I also want to learn how to enhance somebody else’s growth. I’ve been so focused on me getting better, and I know there is a lot you can learn from coaching other people. Knife, who I really respect, said when she went from Gotham to a small league, she learned so much by helping other people learn. And I have been really selfish up until this point working to get better — I need to do this, I need to learn that, I, I, I. And I’m really excited to help somebody else get better with something.
Ventura handles Rainy’s jammer. Photo by FunFrank.
CS: Who are your role models in the league?
MV: The French Tickler is definitely one of them. I love that she’s super intense and she’s really strong. She brings this great professionalism to everything. I feel like it validates all this time myself and these other skaters put into this. It’s nice to see someone take things from structure to strategy to training so seriously, because it’s a good reminder that we’re doing this for a reason.

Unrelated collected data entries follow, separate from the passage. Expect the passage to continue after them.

(* Let $G$ be a finitely generated group and let $F=(F_n)_{n=1}^\infty$ be a sequence of finite subsets of $G$ that is both left- and right-Følner. Then \[\frac{|\{C\in\mathcal{C}(G):C\cap F_n\ne\varnothing\text{ and }C\not\subset F_n\}|}{|F_n|}\to0\] as $n\to\infty$. In particular, $\textup{cr}_F(G)=\limsup_{n\to\infty}\frac{|\{C\in\mathcal{C}(G):C\subset F_n\}|}{|F_n|}$.
   Context: $\mathcal{C}(G)$ is the set of conjugacy classes of $G$. $F$ is left-Følner if $|xF_n\triangle F_n|/|F_n|\to0$ for every $x\in G$, right-Følner if $|F_nx\triangle F_n|/|F_n|\to0$ for every $x\in G$. $\textup{cr}_F(G)=\limsup_{n\to\infty}\frac{|\{C\in\mathcal{C}(G):C\cap F_n\ne\varnothing\}|}{|F_n|}$. *)

theory Defs
  imports "HOL-Algebra.Algebra" "HOL-Library.Liminf_Limsup" "HOL-Library.Extended_Real"
begin

definition conj_class :: "('a, 'b) monoid_scheme \<Rightarrow> 'a \<Rightarrow> 'a set" where
  "conj_class G x = {inv\<^bsub>G\<^esub> g \<otimes>\<^bsub>G\<^esub> x \<otimes>\<^bsub>G\<^esub> g | g. g \<in> carrier G}"

definition conj_classes :: "('a, 'b) monoid_scheme \<Rightarrow> 'a set set" where
  "conj_classes G = conj_class G ` carrier G"

definition fin_gen_group :: "('a, 'b) monoid_scheme \<Rightarrow> bool" where
  "fin_gen_group G \<longleftrightarrow> group G \<and> (\<exists>S. finite S \<and> S \<subseteq> carrier G \<and> generate G S = carrier G)"

definition sym_diff :: "'a set \<Rightarrow> 'a set \<Rightarrow> 'a set" where
  "sym_diff A B = (A - B) \<union> (B - A)"

definition left_folner :: "('a, 'b) monoid_scheme \<Rightarrow> (nat \<Rightarrow> 'a set) \<Rightarrow> bool" where
  "left_folner G F \<longleftrightarrow> (\<forall>n. finite (F n) \<and> F n \<noteq> {} \<and> F n \<subseteq> carrier G) \<and>
     (\<forall>x\<in>carrier G. (\<lambda>n. real (card (sym_diff (x <#\<^bsub>G\<^esub> F n) (F n))) / real (card (F n)))
        \<longlonglongrightarrow> 0)"

definition right_folner :: "('a, 'b) monoid_scheme \<Rightarrow> (nat \<Rightarrow> 'a set) \<Rightarrow> bool" where
  "right_folner G F \<longleftrightarrow> (\<forall>n. finite (F n) \<and> F n \<noteq> {} \<and> F n \<subseteq> carrier G) \<and>
     (\<forall>x\<in>carrier G. (\<lambda>n. real (card (sym_diff (F n #>\<^bsub>G\<^esub> x) (F n))) / real (card (F n)))
        \<longlonglongrightarrow> 0)"

definition cr :: "('a, 'b) monoid_scheme \<Rightarrow> (nat \<Rightarrow> 'a set) \<Rightarrow> ereal" where
  "cr G F = limsup (\<lambda>n. ereal (real (card {C \<in> conj_classes G. C \<inter> F n \<noteq> {}}) / real (card (F n))))"

end

theory Submission
  imports Defs "HOL-Analysis.Extended_Real_Limits"
begin

text \<open>Fix a finite generating set \<open>S\<close> and put \<open>T = S \<union> S\<inverse>\<close>. A conjugacy class \<open>C\<close> that meets
  a finite set \<open>A\<close> without being contained in it must contain some \<open>z \<in> A\<close> with
  \<open>t\<inverse> z t \<notin> A\<close> for some \<open>t \<in> T\<close>: otherwise \<open>C \<inter> A\<close> would be closed under conjugation by the
  generators, hence by all of \<open>G\<close>. For fixed \<open>t\<close> each such \<open>z\<close> either leaves \<open>A\<close> under
  \<open>z \<mapsto> t\<inverse> z\<close> or, after that, under \<open>y \<mapsto> y t\<close>; so there are at most
  \<open>|tA \<triangle> A| + |At \<triangle> A|\<close>. Dividing by \<open>|F\<^sub>n|\<close>, the two-sided Folner condition makes the number
  of such "boundary" classes negligible, and the remaining classes meeting \<open>F\<^sub>n\<close> are exactly
  those contained in it.\<close>

context group
begin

And, I would definitely have to say Winnie the Pow has probably been one of my biggest mentors from working with her in Wreckers. It’s such an inspiration to have somebody who just wants to be awesome at playing derby, which she is. And she’s committed to all these different things but she still coaches Wreckers all the time. She has this sweetness about her and compassion with teaching other people new skills that I really wish I could have more of.
CS: And finally, what would you say to someone who’s getting started in RCR and might be a bit intimidated? Someone who wants to do well, but is not really sure how to go about it?
MV: Someone who wants to play competitively?
CS: Yes, someone who wants to move forward as you have.
MV: Approach it from every angle. Don’t just go to practice two times a week and call it good. Go to all the practices. Go cross train. Pick up a book on sports psychology. I hate the feeling of regret. But I feel like you can’t feel failure if you took advantage of every little thing you could do. That’s why going into my fourth Fresh Meat tryout, I knew I was ready. But, I knew even if I didn’t make it I wouldn’t feel bad. Because I went to every practice, I cross-trained my ass off, I read the books, I prepared myself mentally. I think that Rose City is so competitive that if you’re starting out without a skating background, you can’t expect to just have practice get you there. You have to take initiative and find resources for strength training…and the mental game may be the hardest thing to work on. Yeah.
CS: Mace, you’re my derby inspiration.
MV: Aww…(hugging and laughing)
WRITTEN BY CONQUISTASCORE
Quista moved to Portland from Juneau, Alaska, where she skated with the Juneau Rollergirls. She joined RCR’s Fresh Meat last winter, but her progress was interrupted in June by a bad ankle break that required surgery. She has just started skating again with Wreckers and hopes to some day join her derby wife, Mace Ventura, on a home team. Quista currently puts most of her non-derby energy towards nursing school.